-- The data follows --
(* Let $\mathbf{\Sigma}$ be a cluster pattern of rank $2$ with coefficients in a semifield $\mathbb{P}$ whose initial seed $\Sigma_{t_0}$ is not coprime. Then $\mathcal{L}_{t_0}=\mathcal{A}=\overline{\mathcal{A}}\subsetneq\mathcal{U}_{t_0}$.
   Context: A semifield is a multiplicative abelian group with a commutative, associative addition $\oplus$ satisfying $(a\oplus b)c=ac\oplus bc$; $\mathbb{Z}\mathbb{P}$ is its group ring and $\mathbb{Q}\mathbb{P}$ the fraction field. A seed with coefficients in $\mathbb{P}$ is $(\mathbf{x},\mathbf{y},B)$ with $\mathbf{x}$ a generating transcendence basis of an ambient field $\mathcal{F}\cong\mathbb{Q}\mathbb{P}(u_1,\dots,u_n)$ over $\mathbb{Q}\mathbb{P}$, $\mathbf{y}\in\mathbb{P}^n$, $B$ an $n\times n$ skew-symmetrizable integer matrix. With $[a]_+=\max(a,0)$ and $\hat y_i=y_i\prod_jx_j^{b_{ji}}$, the mutation $\mu_k$ is: $x'_k=x_k^{-1}\big(\prod_{j}x_j^{[-b_{jk}]_+}\big)\frac{1+\hat y_k}{1\oplus y_k}$, $x'_i=x_i$ ($i\ne k$); $y'_k=y_k^{-1}$, $y'_i=y_iy_k^{[b_{ki}]_+}(1\oplus y_k)^{-b_{ki}}$ ($i\neq k$); $b'_{ij}=-b_{ij}$ if $i=k$ or $j=k$, and $b'_{ij}=b_{ij}+b_{ik}[b_{kj}]_++[-b_{ik}]_+b_{kj}$ otherwise. $\mathbb{T}_n$ is the $n$-regular tree with edges labeled $1,\dots,n$, distinct at each vertex. A cluster pattern is $\{\Sigma_t=(\mathbf{x}_t,\mathbf{y}_t,B_t)\}_{t\in\mathbb{T}_n}$ with $\Sigma_{t'}=\mu_k(\Sigma_t)$ whenever $t,t'$ are joined by an edge labeled $k$. The cluster algebra $\mathcal{A}$ is the $\mathbb{Z}\mathbb{P}$-subalgebra of $\mathcal{F}$ generated by all cluster variables $x_{i;t}$; the upper cluster algebra is $\overline{\mathcal{A}}=\bigcap_{t\in\mathbb{T}_n}\mathbb{Z}\mathbb{P}[\mathbf{x}_t^{\pm1}]$. For $t\in\mathbb{T}_n$ let $t_i$ be the vertex $i$-adjacent to $t$; the upper bound is $\mathcal{U}_t=\mathbb{Z}\mathbb{P}[\mathbf{x}_t^{\pm1}]\cap\bigcap_{i=1}^n\mathbb{Z}\mathbb{P}[\mathbf{x}_{t_i}^{\pm1}]$ and the lower bound is $\mathcal{L}_t=\mathbb{Z}\mathbb{P}[\mathbf{x}_t,\mathbf{x}_{t_1},\dots,\mathbf{x}_{t_n}]$. For $k=1,\dots,n$ let $P_{k;t}=\frac{1}{1\oplus y_{k;t}}\big(y_{k;t}\prod_jx_{j;t}^{[b_{jk;t}]_+}+\prod_jx_{j;t}^{[-b_{jk;t}]_+}\big)$; the seed $\Sigma_t$ is coprime if $P_{1;t},\dots,P_{n;t}$ are pairwise coprime in $\mathbb{Z}\mathbb{P}[\mathbf{x}_t]$, i.e. every common factor of two of them lies in $\mathbb{Z}\mathbb{P}^{\times}=\{\pm1\}\mathbb{P}$. *)

theory Defs
  imports Main
begin

(* The semifield P is modelled as a subset of the ambient field 'f (P \<subseteq> ZP \<subseteq> F),
   with its own addition splus (the semifield addition \<oplus>, NOT the field addition). *)

definition pos :: "int \<Rightarrow> int" where
  "pos a = max a 0"

definition semifield_in :: "'f::field set \<Rightarrow> ('f \<Rightarrow> 'f \<Rightarrow> 'f) \<Rightarrow> bool" where
  "semifield_in P splus \<longleftrightarrow>
     1 \<in> P \<and> 0 \<notin> P \<and>
     (\<forall>a\<in>P. \<forall>b\<in>P. a * b \<in> P) \<and> (\<forall>a\<in>P. inverse a \<in> P) \<and>
     (\<forall>a\<in>P. \<forall>b\<in>P. splus a b \<in> P) \<and>
     (\<forall>a\<in>P. \<forall>b\<in>P. splus a b = splus b a) \<and>
     (\<forall>a\<in>P. \<forall>b\<in>P. \<forall>c\<in>P. splus (splus a b) c = splus a (splus b c)) \<and>
     (\<forall>a\<in>P. \<forall>b\<in>P. \<forall>c\<in>P. splus a b * c = splus (a * c) (b * c))"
-- The data concluded --
Assigned task:
Each entry above is to be returned exactly as given.

Written answer:
(* Let $\mathbf{\Sigma}$ be a cluster pattern of rank $2$ with coefficients in a semifield $\mathbb{P}$ whose initial seed $\Sigma_{t_0}$ is not coprime. Then $\mathcal{L}_{t_0}=\mathcal{A}=\overline{\mathcal{A}}\subsetneq\mathcal{U}_{t_0}$.
   Context: A semifield is a multiplicative abelian group with a commutative, associative addition $\oplus$ satisfying $(a\oplus b)c=ac\oplus bc$; $\mathbb{Z}\mathbb{P}$ is its group ring and $\mathbb{Q}\mathbb{P}$ the fraction field. A seed with coefficients in $\mathbb{P}$ is $(\mathbf{x},\mathbf{y},B)$ with $\mathbf{x}$ a generating transcendence basis of an ambient field $\mathcal{F}\cong\mathbb{Q}\mathbb{P}(u_1,\dots,u_n)$ over $\mathbb{Q}\mathbb{P}$, $\mathbf{y}\in\mathbb{P}^n$, $B$ an $n\times n$ skew-symmetrizable integer matrix. With $[a]_+=\max(a,0)$ and $\hat y_i=y_i\prod_jx_j^{b_{ji}}$, the mutation $\mu_k$ is: $x'_k=x_k^{-1}\big(\prod_{j}x_j^{[-b_{jk}]_+}\big)\frac{1+\hat y_k}{1\oplus y_k}$, $x'_i=x_i$ ($i\ne k$); $y'_k=y_k^{-1}$, $y'_i=y_iy_k^{[b_{ki}]_+}(1\oplus y_k)^{-b_{ki}}$ ($i\neq k$); $b'_{ij}=-b_{ij}$ if $i=k$ or $j=k$, and $b'_{ij}=b_{ij}+b_{ik}[b_{kj}]_++[-b_{ik}]_+b_{kj}$ otherwise. $\mathbb{T}_n$ is the $n$-regular tree with edges labeled $1,\dots,n$, distinct at each vertex. A cluster pattern is $\{\Sigma_t=(\mathbf{x}_t,\mathbf{y}_t,B_t)\}_{t\in\mathbb{T}_n}$ with $\Sigma_{t'}=\mu_k(\Sigma_t)$ whenever $t,t'$ are joined by an edge labeled $k$. The cluster algebra $\mathcal{A}$ is the $\mathbb{Z}\mathbb{P}$-subalgebra of $\mathcal{F}$ generated by all cluster variables $x_{i;t}$; the upper cluster algebra is $\overline{\mathcal{A}}=\bigcap_{t\in\mathbb{T}_n}\mathbb{Z}\mathbb{P}[\mathbf{x}_t^{\pm1}]$. For $t\in\mathbb{T}_n$ let $t_i$ be the vertex $i$-adjacent to $t$; the upper bound is $\mathcal{U}_t=\mathbb{Z}\mathbb{P}[\mathbf{x}_t^{\pm1}]\cap\bigcap_{i=1}^n\mathbb{Z}\mathbb{P}[\mathbf{x}_{t_i}^{\pm1}]$ and the lower bound is $\mathcal{L}_t=\mathbb{Z}\mathbb{P}[\mathbf{x}_t,\mathbf{x}_{t_1},\dots,\mathbf{x}_{t_n}]$. For $k=1,\dots,n$ let $P_{k;t}=\frac{1}{1\oplus y_{k;t}}\big(y_{k;t}\prod_jx_{j;t}^{[b_{jk;t}]_+}+\prod_jx_{j;t}^{[-b_{jk;t}]_+}\big)$; the seed $\Sigma_t$ is coprime if $P_{1;t},\dots,P_{n;t}$ are pairwise coprime in $\mathbb{Z}\mathbb{P}[\mathbf{x}_t]$, i.e. every common factor of two of them lies in $\mathbb{Z}\mathbb{P}^{\times}=\{\pm1\}\mathbb{P}$. *)

theory Defs
  imports Main
begin

(* The semifield P is modelled as a subset of the ambient field 'f (P \<subseteq> ZP \<subseteq> F),
   with its own addition splus (the semifield addition \<oplus>, NOT the field addition). *)

definition pos :: "int \<Rightarrow> int" where
  "pos a = max a 0"

definition semifield_in :: "'f::field set \<Rightarrow> ('f \<Rightarrow> 'f \<Rightarrow> 'f) \<Rightarrow> bool" where
  "semifield_in P splus \<longleftrightarrow>
     1 \<in> P \<and> 0 \<notin> P \<and>
     (\<forall>a\<in>P. \<forall>b\<in>P. a * b \<in> P) \<and> (\<forall>a\<in>P. inverse a \<in> P) \<and>
     (\<forall>a\<in>P. \<forall>b\<in>P. splus a b \<in> P) \<and>
     (\<forall>a\<in>P. \<forall>b\<in>P. splus a b = splus b a) \<and>
     (\<forall>a\<in>P. \<forall>b\<in>P. \<forall>c\<in>P. splus (splus a b) c = splus a (splus b c)) \<and>
     (\<forall>a\<in>P. \<forall>b\<in>P. \<forall>c\<in>P. splus a b * c = splus (a * c) (b * c))"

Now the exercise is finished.